The food arrives, the expected enormous slab of prime rib hanging off my plate, run through with stringy fat. Honey starts flapping her arms and saying “Heh heh eh eh” and lunges over to scrabble her fingers across the surface of the meat. “Wait just a minute please, Honey. Please be patient. Please do good listening,” etc. etc. I cut some little tiny pieces and put them onto her plate and she starts shoveling them into her mouth forming a meat wad and then spitting it out. A really uninspired salad is set down in front of Alice, cubes of cheese and kidney beans from the can on iceberg lettuce.

“So really, how are you going to get back?”

“Well,” she says. “Mark and Yarrow and I had talked about one of them flying out to drive me back. Or fly me back. Or some combination of things.” She rummages around in her leather purse and pulls out a burner cell phone.

“I call them every day with this,” she says. “Tell them where I am and assure them I’m eating and taking my medicine.” She rolls her eyes.

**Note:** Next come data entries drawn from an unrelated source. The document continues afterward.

(* Let $\kappa:\mathbb{R}^d\times\mathbb{R}^d\to\mathbb{R}$ be a kernel with reproducing kernel Hilbert space $\mathcal{H}_\kappa$, and assume $\kappa(\mathbf{x},\mathbf{x})=1$ for all $\mathbf{x}$. Let $(\mathbf{x}_1,y_1),\ldots,(\mathbf{x}_T,y_T)$ be a sequence of examples with $\mathbf{x}_t\in\mathbb{R}^d$ and $y_t\in\{-1,+1\}$, and let $\ell_t(f)=\max(0,1-y_tf(\mathbf{x}_t))$ be the hinge loss, assumed $1$-Lipschitz with respect to $\|\cdot\|_{\mathcal{H}_\kappa}$. Let $f_*\in\arg\min_{f\in\mathcal{H}_\kappa}\sum_{t=1}^T\ell_t(f)$. Let $\beta\ge\alpha>0$ and $\eta>0$, and let $f_1,\ldots,f_T$ be generated by the SPA (Sparse Passive Aggressive) update described in the context. Then $$\mathbb{E}\Big[\sum_{t=1}^T\big(\ell_t(f_t)-\ell_t(f_* )\big)\Big]<\frac{1}{2\eta}\|f_*\|^2_{\mathcal{H}_\kappa}+\frac{\eta\beta}{\min(\alpha,\sqrt{\beta\eta})}\,T .$$ Moreover, if $\eta=\|f_*\|_{\mathcal{H}_\kappa}\sqrt{\frac{\alpha}{2\beta T}}$ and $\alpha^3\le\frac{\beta}{2T}\|f_*\|^2_{\mathcal{H}_\kappa}$, then $$\mathbb{E}\Big[\sum_{t=1}^T\big(\ell_t(f_t)-\ell_t(f_* )\big)\Big]<\|f_*\|_{\mathcal{H}_\kappa}\sqrt{2\beta T/\alpha}.$$
   Context: SPA update (single kernel): start with $f_1=0\in\mathcal{H}_\kappa$. At each round $t=1,\ldots,T$, compute $\rho_t=\min(\alpha,\ell_t(f_t))/\beta$ and draw a random variable $Z_t\in\{0,1\}$ with $\Pr(Z_t=1\mid Z_1,\ldots,Z_{t-1})=\rho_t$. Then set $$f_{t+1}=\arg\min_{f\in\mathcal{H}_\kappa}\ \frac12\|f-f_t\|^2_{\mathcal{H}_\kappa}+\frac{Z_t}{\rho_t}\,\eta\,\ell_t(f),$$ with the convention $Z_t/\rho_t=0$ when $\rho_t=0$. Equivalently, $f_{t+1}=f_t+\tau_ty_t\kappa(\mathbf{x}_t,\cdot)$ with $\tau_t=\min\big(\eta Z_t/\rho_t,\ \ell_t(f_t)/\kappa(\mathbf{x}_t,\mathbf{x}_t)\big)$. The expectation is over the random variables $Z_1,\ldots,Z_T$. *)

theory Defs
  imports "HOL-Analysis.Analysis" "HOL-Probability.Probability"
begin

text \<open>RKHS modelled abstractly: a Hilbert space 'h together with the canonical feature map
  k x = kappa(x, .), so that f(x) = f \<bullet> k x (reproducing property).
  Rounds are 0-indexed: round t (t < T) uses example (kx t, y t), where kx t = k (x t).\<close>

definition hinge :: "'h::real_inner \<Rightarrow> real \<Rightarrow> 'h \<Rightarrow> real" where
  "hinge kxt yt f = max 0 (1 - yt * (f \<bullet> kxt))"

definition spa_rho :: "real \<Rightarrow> real \<Rightarrow> ('h::real_inner) \<Rightarrow> real \<Rightarrow> 'h \<Rightarrow> real" where
  "spa_rho \<alpha> \<beta> kxt yt f = min \<alpha> (hinge kxt yt f) / \<beta>"

text \<open>Step size tau_t = min(eta Z_t / rho_t, l_t(f_t) / kappa(x_t,x_t)), with Z_t/rho_t = 0 if rho_t = 0
  (in HOL, eta / 0 = 0).\<close>
definition spa_tau :: "real \<Rightarrow> real \<Rightarrow> real \<Rightarrow> ('h::real_inner) \<Rightarrow> real \<Rightarrow> 'h \<Rightarrow> bool \<Rightarrow> real" where
  "spa_tau \<alpha> \<beta> \<eta> kxt yt f z =
     (if z then min (\<eta> / spa_rho \<alpha> \<beta> kxt yt f) (hinge kxt yt f / (kxt \<bullet> kxt)) else 0)"

text \<open>spa_f ... z n is the iterate f_{n+1} (so spa_f ... z 0 = f_1 = 0), driven by Z-values z 0, ..., z (n-1).\<close>
primrec spa_f :: "real \<Rightarrow> real \<Rightarrow> real \<Rightarrow> (nat \<Rightarrow> 'h::real_inner) \<Rightarrow> (nat \<Rightarrow> real) \<Rightarrow> (nat \<Rightarrow> bool) \<Rightarrow> nat \<Rightarrow> 'h" where
  "spa_f \<alpha> \<beta> \<eta> kx y z 0 = 0"
| "spa_f \<alpha> \<beta> \<eta> kx y z (Suc n) =
     (let f = spa_f \<alpha> \<beta> \<eta> kx y z n
      in f + (spa_tau \<alpha> \<beta> \<eta> (kx n) (y n) f (z n) * y n) *\<^sub>R kx n)"

text \<open>Joint law of (Z_0, ..., Z_{n-1}) (other coordinates False): Z_n is Bernoulli(rho_n) given the past.\<close>
primrec spa_Z :: "real \<Rightarrow> real \<Rightarrow> real \<Rightarrow> (nat \<Rightarrow> 'h::real_inner) \<Rightarrow> (nat \<Rightarrow> real) \<Rightarrow> nat \<Rightarrow> (nat \<Rightarrow> bool) pmf" where
  "spa_Z \<alpha> \<beta> \<eta> kx y 0 = return_pmf (\<lambda>_. False)"
| "spa_Z \<alpha> \<beta> \<eta> kx y (Suc n) =
     bind_pmf (spa_Z \<alpha> \<beta> \<eta> kx y n) (\<lambda>z.
       bind_pmf (bernoulli_pmf (spa_rho \<alpha> \<beta> (kx n) (y n) (spa_f \<alpha> \<beta> \<eta> kx y z n))) (\<lambda>b.
         return_pmf (z(n := b))))"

“Makes sense,” I say. She begins pulling little orange pill bottles out of the bag, and one of those Monday Tuesday Wednesday AM/PM pill boxes with flaps like my grandparents used to have.

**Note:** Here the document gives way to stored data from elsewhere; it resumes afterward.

lemma integral_two_components:
  fixes f g :: "'b \<Rightarrow> 'c::{real_normed_field, banach, second_countable_topology}"
  assumes rs: "r \<in> I" "s \<in> I" "r \<noteq> s" and f: "integrable \<mu> f" and g: "integrable \<mu> g"
  shows "integrable M (\<lambda>\<omega>. f (X \<omega> r) * g (X \<omega> s))"
    and "(\<integral>\<omega>. f (X \<omega> r) * g (X \<omega> s) \<partial>M) = integral\<^sup>L \<mu> f * integral\<^sup>L \<mu> g"
proof -
  define F where "F i x = (if i = r then f x else if i = s then g x else 1)" for i x
  have F: "integrable \<mu> (F i)" for i
    using f g by (cases "i = r"; cases "i = s") (simp_all add: F_def[abs_def])
  have prod_eq: "(\<Prod>i\<in>I. F i (X \<omega> i)) = f (X \<omega> r) * g (X \<omega> s)" for \<omega>
    using rs finite_index by (simp add: F_def prod.delta_remove)
  have "integral\<^sup>L \<mu> (F i) =
      (if i = r then integral\<^sup>L \<mu> f else if i = s then integral\<^sup>L \<mu> g else 1)" for i
    by (simp add: F_def[abs_def] law.prob_space)
  then have integral_eq: "(\<Prod>i\<in>I. integral\<^sup>L \<mu> (F i)) = integral\<^sup>L \<mu> f * integral\<^sup>L \<mu> g"
    using rs finite_index by (simp add: prod.delta_remove)
  from prod_eq integral_eq show "integrable M (\<lambda>\<omega>. f (X \<omega> r) * g (X \<omega> s))"
    "(\<integral>\<omega>. f (X \<omega> r) * g (X \<omega> s) \<partial>M) = integral\<^sup>L \<mu> f * integral\<^sup>L \<mu> g"
    using integral_prod_components[of F, OF F] by simp_all
qed

end

section \<open>The system model\<close>

lemma block_index_less: "(t :: nat) < T \<Longrightarrow> r < N \<Longrightarrow> t * N + r < T * N"
proof -
  assume "t < T" "r < N"
  then have "t * N + r < Suc t * N" by simp
  also have "\<dots> \<le> T * N" using \<open>t < T\<close> by (intro mult_right_mono) auto
  finally show ?thesis .
qed

lemma block_index_eq_iff:
  assumes "r < N" "s < N"
  shows "(t :: nat) * N + r = t' * N + s \<longleftrightarrow> t = t' \<and> r = s"
proof
  assume "t * N + r = t' * N + s"
  then have "(t * N + r) div N = (t' * N + s) div N" "(t * N + r) mod N = (t' * N + s) mod N"
    by simp_all
  then show "t = t' \<and> r = s" using assms by simp
qed auto

locale massive_mimo =
  fixes M :: "'a measure" and L K Nt tau :: nat
    and h :: "nat \<Rightarrow> nat \<Rightarrow> nat \<Rightarrow> nat \<Rightarrow> 'a \<Rightarrow> complex"
    and nz :: "nat \<Rightarrow> nat \<Rightarrow> 'a \<Rightarrow> complex"
    and sn :: "nat \<Rightarrow> real"
    and q eta :: "nat \<Rightarrow> nat \<Rightarrow> nat \<Rightarrow> real"
  assumes prob_space_M: "prob_space M"
    and indep: "prob_space.indep_vars M (block_space Nt tau) (block_rv Nt tau h nz) (blocks L K)"
    and chan: "\<forall>i\<in>{1..L}. \<forall>j\<in>{1..K}. \<forall>m\<in>{1..L}.
        distr M (Pi\<^sub>M {..<Nt} (\<lambda>_. borel)) (\<lambda>\<omega>. restrict (\<lambda>r. h i j m r \<omega>) {..<Nt})
          = Pi\<^sub>M {..<Nt} (\<lambda>_. cn_std)"
    and noise_mean: "\<forall>m\<in>{1..L}. \<forall>a<tau * Nt.
        integrable M (nz m a) \<and> (\<integral>\<omega>. nz m a \<omega> \<partial>M) = 0"
    and noise_cov: "\<forall>m\<in>{1..L}. \<forall>a<tau * Nt. \<forall>b<tau * Nt.
        integrable M (\<lambda>\<omega>. nz m a \<omega> * cnj (nz m b \<omega>)) \<and>
        (\<integral>\<omega>. nz m a \<omega> * cnj (nz m b \<omega>) \<partial>M) = (if a = b then complex_of_real ((sn m)\<^sup>2) else 0)"
    and pilots: "\<forall>i\<in>{1..L}. \<forall>j\<in>{1..K}. (\<Sum>t<tau. (q i j t)\<^sup>2) = 1"
    and eta_own: "\<forall>i\<in>{1..L}. \<forall>j\<in>{1..K}. eta i j i = 1"
begin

“Maybe you could help me, actually,” she says. “I wasn’t supposed to be gone this long and all the pills they set up for me in my box are gone. It’s a little difficult for me to open the bottles.”

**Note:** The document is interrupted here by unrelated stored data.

(* Let $n\ge 1$ be an integer, $a>0$, and let $a_0,\dots,a_{n-1}:((-a,a)\setminus\{0\})\times\mathbb{K}\to\mathbb{K}$ be arbitrary functions, where $\mathbb{K}=\mathbb{R}$ or $\mathbb{C}$. Let $f\in C^\infty(-a,a)$ be a solution of $$f^{(n)}(x)+a_{n-1}(x,f(x))f^{(n-1)}(x)+\cdots+a_0(x,f(x))f(x)=0,\qquad x\in(-a,a)\setminus\{0\},$$ satisfying $f(0)=f'(0)=\cdots=f^{(n-1)}(0)=0$. If $$|a_k(x,f(x))|=o\!\left(\frac{1}{|x|^{n-k}}\right)\quad\text{as }x\to 0,\qquad k=0,1,\dots,n-1,$$ then there exists $\delta>0$ such that $f\equiv 0$ on $[-\delta,\delta]$.
   Context: The coefficients may be singular at $x=0$; the equation is only required to hold for $x\neq 0$. *)

theory Defs
  imports "HOL-Analysis.Analysis" "HOL-Library.Landau_Symbols"
begin

definition nderiv :: "nat \<Rightarrow> (real \<Rightarrow> 'a::real_normed_vector) \<Rightarrow> real \<Rightarrow> 'a" where
  "nderiv k f = ((\<lambda>g x. vector_derivative g (at x)) ^^ k) f"

definition smooth_on :: "real set \<Rightarrow> (real \<Rightarrow> 'a::real_normed_vector) \<Rightarrow> bool" where
  "smooth_on S f \<longleftrightarrow> (\<forall>k. \<forall>x\<in>S. nderiv k f differentiable (at x))"

end

theory Submission
  imports Defs
begin

(* Fix delta so small that [-delta,delta] lies in the domain and every
   coefficient satisfies |a_k(x,f(x))| <= eps / |x|^(n-k) there, with eps = 1/(2n).
   Let M be the maximum of |f^(n)| on [-delta,delta]. Since f^(k)(0) = 0 for k < n,
   integrating n-k times (mean value inequality) gives |f^(k)(x)| <= M |x|^(n-k).
   Plugging these into the equation yields |f^(n)(x)| <= n * eps * M = M/2 for
   x <> 0, and by continuity also at x = 0; hence M <= M/2, so M = 0 and
   |f(x)| <= M |x|^n = 0 on [-delta,delta]. *)

lemma nderiv_0 [simp]: "nderiv 0 f = f"
  unfolding nderiv_def by simp

lemma nderiv_Suc: "nderiv (Suc k) f x = vector_derivative (nderiv k f) (at x)"
  unfolding nderiv_def by simp

lemma smooth_on_has_vector_derivative:
  assumes "smooth_on S f" "x \<in> S"
  shows "(nderiv k f has_vector_derivative nderiv (Suc k) f x) (at x)"
  using assms unfolding smooth_on_def nderiv_Suc by (blast intro: vector_derivative_works[THEN iffD1])

lemma mvt_bound:
  fixes g g' :: "real \<Rightarrow> 'a::real_normed_vector"
  assumes "\<And>t. t \<in> closed_segment 0 x \<Longrightarrow> (g has_vector_derivative g' t) (at t)"
    and "\<And>t. t \<in> closed_segment 0 x \<Longrightarrow> norm (g' t) \<le> B"
  shows "norm (g x - g 0) \<le> B * \<bar>x\<bar>"
proof -
  have "norm (g x - g 0) \<le> B * norm (x - 0)"
  proof (rule differentiable_bound[of "closed_segment 0 x" g "\<lambda>t h. h *\<^sub>R g' t" B x 0])
    fix t assume t: "t \<in> closed_segment 0 x"
    show "(g has_derivative (\<lambda>h. h *\<^sub>R g' t)) (at t within closed_segment 0 x)"
      using assms(1)[OF t] unfolding has_vector_derivative_def
      by (rule has_derivative_at_withinI)
    have "onorm (\<lambda>h. h *\<^sub>R g' t) = norm (g' t)"
      using onorm_scaleR_left[OF bounded_linear_ident, of "g' t"] by (simp add: onorm_id)
    then show "onorm (\<lambda>h. h *\<^sub>R g' t) \<le> B" using assms(2)[OF t] by simp
  qed auto
  then show ?thesis by simp
qed

lemma flat_derivative_bound:
  fixes f :: "real \<Rightarrow> 'a::real_normed_vector"
  assumes der: "\<And>k x. x \<in> {-\<delta>..\<delta>} \<Longrightarrow> (nderiv k f has_vector_derivative nderiv (Suc k) f x) (at x)"
    and init: "\<forall>k<n. nderiv k f 0 = 0"
    and top: "\<forall>x\<in>{-\<delta>..\<delta>}. norm (nderiv n f x) \<le> M"
    and "j \<le> n" "x \<in> {-\<delta>..\<delta>}"
  shows "norm (nderiv (n - j) f x) \<le> M * \<bar>x\<bar> ^ j"
  using \<open>j \<le> n\<close> \<open>x \<in> {-\<delta>..\<delta>}\<close>
proof (induction j arbitrary: x)
  case 0
  then show ?case using top by simp
next
  case (Suc j)
  define k where "k = n - Suc j"
  have k: "Suc k = n - j" "k < n" using Suc.prems by (auto simp: k_def)
  have seg: "t \<in> {-\<delta>..\<delta>}" "\<bar>t\<bar> \<le> \<bar>x\<bar>" if "t \<in> closed_segment 0 x" for t
    using that Suc.prems by (auto simp: closed_segment_eq_real_ivl split: if_splits)
  have M: "M \<ge> 0" using top Suc.prems(2) norm_ge_zero order_trans by blast
  have "norm (nderiv k f x - nderiv k f 0) \<le> (M * \<bar>x\<bar> ^ j) * \<bar>x\<bar>"
  proof (rule mvt_bound)
    fix t assume t: "t \<in> closed_segment 0 x"
    show "(nderiv k f has_vector_derivative nderiv (n - j) f t) (at t)"
      using der[of t k] seg(1)[OF t] k by simp
    have "M * \<bar>t\<bar> ^ j \<le> M * \<bar>x\<bar> ^ j"
      using M seg(2)[OF t] by (intro mult_left_mono power_mono) auto
    then show "norm (nderiv (n - j) f t) \<le> M * \<bar>x\<bar> ^ j"
      using Suc.IH[of t] Suc.prems seg(1)[OF t] by simp
  qed
  then show ?case using init k by (simp add: k_def mult_ac)
qed

lemma small_coefficients:
  fixes c :: "nat \<Rightarrow> real \<Rightarrow> real"
  assumes "\<forall>k<n. c k \<in> o[at 0](\<lambda>x. 1 / \<bar>x\<bar> ^ (n - k))" and "\<epsilon> > 0"
  obtains d where "d > 0"
    "\<And>x k. x \<noteq> 0 \<Longrightarrow> \<bar>x\<bar> < d \<Longrightarrow> k < n \<Longrightarrow> norm (c k x) \<le> \<epsilon> / \<bar>x\<bar> ^ (n - k)"
proof -
  have "\<forall>k\<in>{..<n}. eventually (\<lambda>x. norm (c k x) \<le> \<epsilon> * norm (1 / \<bar>x\<bar> ^ (n - k))) (at 0)"
    using assms landau_o.smallD by blast
  then have "eventually (\<lambda>x. \<forall>k\<in>{..<n}. norm (c k x) \<le> \<epsilon> * norm (1 / \<bar>x\<bar> ^ (n - k))) (at 0)"
    by (intro eventually_ball_finite) auto
  then show ?thesis
    using that unfolding eventually_at by (auto simp: dist_real_def)
qed

lemma equation_bound:
  fixes y c :: "nat \<Rightarrow> 'a::real_normed_field"
  assumes eq: "y n + (\<Sum>k<n. c k * y k) = 0" and x: "x \<noteq> 0"
    and coeff: "\<And>k. k < n \<Longrightarrow> norm (c k) \<le> \<epsilon> / \<bar>x\<bar> ^ (n - k)"
    and lower: "\<And>k. k < n \<Longrightarrow> norm (y k) \<le> M * \<bar>x\<bar> ^ (n - k)"
    and "\<epsilon> \<ge> 0"
  shows "norm (y n) \<le> real n * \<epsilon> * M"
proof -
  have "norm (y n) = norm (\<Sum>k<n. c k * y k)"
    using eq by (metis add_eq_0_iff norm_minus_cancel)
  also have "\<dots> \<le> (\<Sum>k<n. norm (c k) * norm (y k))"
    by (rule order_trans[OF norm_sum]) (simp add: norm_mult)
  also have "\<dots> \<le> (\<Sum>k<n. \<epsilon> * M)"
  proof (rule sum_mono)
    fix k assume "k \<in> {..<n}"
    then have k: "k < n" by simp
    have "norm (c k) * norm (y k) \<le> (\<epsilon> / \<bar>x\<bar> ^ (n - k)) * (M * \<bar>x\<bar> ^ (n - k))"
      using coeff[OF k] lower[OF k] \<open>\<epsilon> \<ge> 0\<close> by (intro mult_mono) auto
    also have "\<dots> = \<epsilon> * M" using x by simp
    finally show "norm (c k) * norm (y k) \<le> \<epsilon> * M" .
  qed
  finally show ?thesis by simp
qed

(* A norm bound on a punctured neighbourhood of 0 extends to 0 by continuity;
   this is where the singular point x = 0 of the equation is handled. *)
lemma punctured_bound_at_0:
  fixes g :: "real \<Rightarrow> 'a::real_normed_vector"
  assumes "isCont g 0" "\<delta> > 0" "\<And>x. x \<in> {-\<delta>..\<delta>} \<Longrightarrow> x \<noteq> 0 \<Longrightarrow> norm (g x) \<le> B"
  shows "norm (g 0) \<le> B"
proof (rule Lim_norm_ubound[OF trivial_limit_at])
  show "(g \<longlongrightarrow> g 0) (at 0)"
    using assms(1) by (simp add: isCont_def)
  show "eventually (\<lambda>x. norm (g x) \<le> B) (at 0)"
    unfolding eventually_at using assms(2,3)
    by (intro exI[of _ \<delta>]) (auto simp: dist_real_def abs_less_iff)
qed

lemma flat_solution_vanishes:
  fixes f :: "real \<Rightarrow> 'a::real_normed_field" and A :: "nat \<Rightarrow> real \<Rightarrow> 'a \<Rightarrow> 'a"
  assumes n: "n \<ge> 1" and a: "a > 0" and sm: "smooth_on {-a<..<a} f"
    and eq: "\<forall>x\<in>{-a<..<a} - {0}. nderiv n f x + (\<Sum>k<n. A k x (f x) * nderiv k f x) = 0"
    and init: "\<forall>k<n. nderiv k f 0 = 0"
    and lo: "\<forall>k<n. (\<lambda>x. norm (A k x (f x))) \<in> o[at 0](\<lambda>x. 1 / \<bar>x\<bar> ^ (n - k))"
  shows "\<exists>\<delta>>0. \<forall>x\<in>{-\<delta>..\<delta>}. f x = 0"
proof -
  define \<epsilon> where "\<epsilon> = 1 / (2 * real n)"
  have \<epsilon>: "\<epsilon> > 0" "real n * \<epsilon> = 1/2" using n by (auto simp: \<epsilon>_def)
  obtain d where d: "d > 0"
    "\<And>x k. x \<noteq> 0 \<Longrightarrow> \<bar>x\<bar> < d \<Longrightarrow> k < n \<Longrightarrow> norm (A k x (f x)) \<le> \<epsilon> / \<bar>x\<bar> ^ (n - k)"
    using small_coefficients[OF lo \<epsilon>(1)] by (metis abs_norm_cancel real_norm_def)
  define \<delta> where "\<delta> = min (d/2) (a/2)"
  have \<delta>: "\<delta> > 0" "\<delta> < d" "{-\<delta>..\<delta>} \<subseteq> {-a<..<a}" using d a by (auto simp: \<delta>_def)
  have der: "\<And>k x. x \<in> {-\<delta>..\<delta>} \<Longrightarrow> (nderiv k f has_vector_derivative nderiv (Suc k) f x) (at x)"
    using smooth_on_has_vector_derivative[OF sm] \<delta>(3) by blast
  have cont: "\<And>x. x \<in> {-\<delta>..\<delta>} \<Longrightarrow> isCont (nderiv n f) x"
    using der has_vector_derivative_continuous by blast
  obtain x0 where x0: "x0 \<in> {-\<delta>..\<delta>}" "\<forall>y\<in>{-\<delta>..\<delta>}. norm (nderiv n f y) \<le> norm (nderiv n f x0)"
    using continuous_attains_sup[OF compact_Icc _ continuous_on_norm[of _ "nderiv n f"]] \<delta>(1) cont
    by (metis atLeastAtMost_iff continuous_at_imp_continuous_on less_eq_real_def neg_le_0_iff_le empty_iff)
  define M where "M = norm (nderiv n f x0)"
  have lower: "norm (nderiv k f x) \<le> M * \<bar>x\<bar> ^ (n - k)" if "k \<le> n" "x \<in> {-\<delta>..\<delta>}" for k x
    using flat_derivative_bound[OF der init, where M = M and j = "n - k" and x = x] x0(2) that
    by (simp add: M_def)
  have half: "norm (nderiv n f x) \<le> M / 2" if x: "x \<in> {-\<delta>..\<delta>}" "x \<noteq> 0" for x
  proof -
    have "norm (nderiv n f x) \<le> real n * \<epsilon> * M"
      by (rule equation_bound[where c = "\<lambda>k. A k x (f x)" and x = x])
         (use x \<delta> eq d(2) lower \<epsilon>(1) in auto)
    then show ?thesis using \<epsilon>(2) by simp
  qed
  have "norm (nderiv n f 0) \<le> M / 2"
    by (rule punctured_bound_at_0[OF cont[of 0] \<delta>(1) half]) (use \<delta>(1) in auto)
  then have "M \<le> M / 2" using half x0(1) by (cases "x0 = 0") (auto simp: M_def)
  then have "M = 0" by (simp add: M_def)
  then show ?thesis using lower[of 0] \<delta>(1) by (intro exI[of _ \<delta>]) auto
qed

theorem corollary2:
  shows "(\<forall>(n::nat) (a::real) (f::real \<Rightarrow> real) (A::nat \<Rightarrow> real \<Rightarrow> real \<Rightarrow> real).
            n \<ge> 1 \<longrightarrow> a > 0 \<longrightarrow> smooth_on {-a<..<a} f \<longrightarrow>
            (\<forall>x\<in>{-a<..<a} - {0}. nderiv n f x + (\<Sum>k<n. A k x (f x) * nderiv k f x) = 0) \<longrightarrow>
            (\<forall>k<n. nderiv k f 0 = 0) \<longrightarrow>
            (\<forall>k<n. (\<lambda>x. norm (A k x (f x))) \<in> o[at 0](\<lambda>x. 1 / \<bar>x\<bar> ^ (n - k))) \<longrightarrow>
            (\<exists>\<delta>>0. \<forall>x\<in>{-\<delta>..\<delta>}. f x = 0))
       \<and> (\<forall>(n::nat) (a::real) (f::real \<Rightarrow> complex) (A::nat \<Rightarrow> real \<Rightarrow> complex \<Rightarrow> complex).
            n \<ge> 1 \<longrightarrow> a > 0 \<longrightarrow> smooth_on {-a<..<a} f \<longrightarrow>
            (\<forall>x\<in>{-a<..<a} - {0}. nderiv n f x + (\<Sum>k<n. A k x (f x) * nderiv k f x) = 0) \<longrightarrow>
            (\<forall>k<n. nderiv k f 0 = 0) \<longrightarrow>
            (\<forall>k<n. (\<lambda>x. norm (A k x (f x))) \<in> o[at 0](\<lambda>x. 1 / \<bar>x\<bar> ^ (n - k))) \<longrightarrow>
            (\<exists>\<delta>>0. \<forall>x\<in>{-\<delta>..\<delta>}. f x = 0))"
  using flat_solution_vanishes[where 'a = real] flat_solution_vanishes[where 'a = complex]
  by blast

end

“Well sure,” I say, delighted to be useful to someone, and reach for one. Honey is very interested in anything that has other things inside it and she lunges for one of the bottles and shakes it vigorously before I wrestle it away. I squint to read the instructions.

“This one says take with food,” I say.

“Yes, yes.” She sounds irritable. “There are three that I need to take now.”

“Okay,” I say, feeling some instinct of care and competence spring into action. I reach across Alice and take hold of the pills, briskly lining them up in front of me. “No,” I say preemptively to Honey, and deposit some bread and potato and broccoli and carrots next to the chewed gray wads of meat on her plate. When was the last time she ate a green vegetable, I think, my brain scans the calendar and it was broccoli sometime in the preceding week and that’s not so bad but obviously could be better, although she did have a sweet potato and that is fibrous and nutritious at least. I read every label and isolate the meds Alice is supposed to take now into one group and the others in another, both out of the reach of Honey. She reaches both arms out in front of her and I make a move to stop her but she grasps with two sure hands my water glass, which I’d unthinkingly moved closer to her to make way for all the pills. She slowly brings the glass to her lips and slowly tilts it up until her lips meet the ice and water. She flips the glass up a little too swiftly and water sloshes out and fills her silicone bib. “Uh-oh! Uh-oh!” she says, looking at me with concern.

“Good job!” I say to her. “What a good girl!!!!” I leave Honey to splash more water over her bib and return to the pill counting. I put three pills in front of Alice to take and carefully dole out the rest into her box.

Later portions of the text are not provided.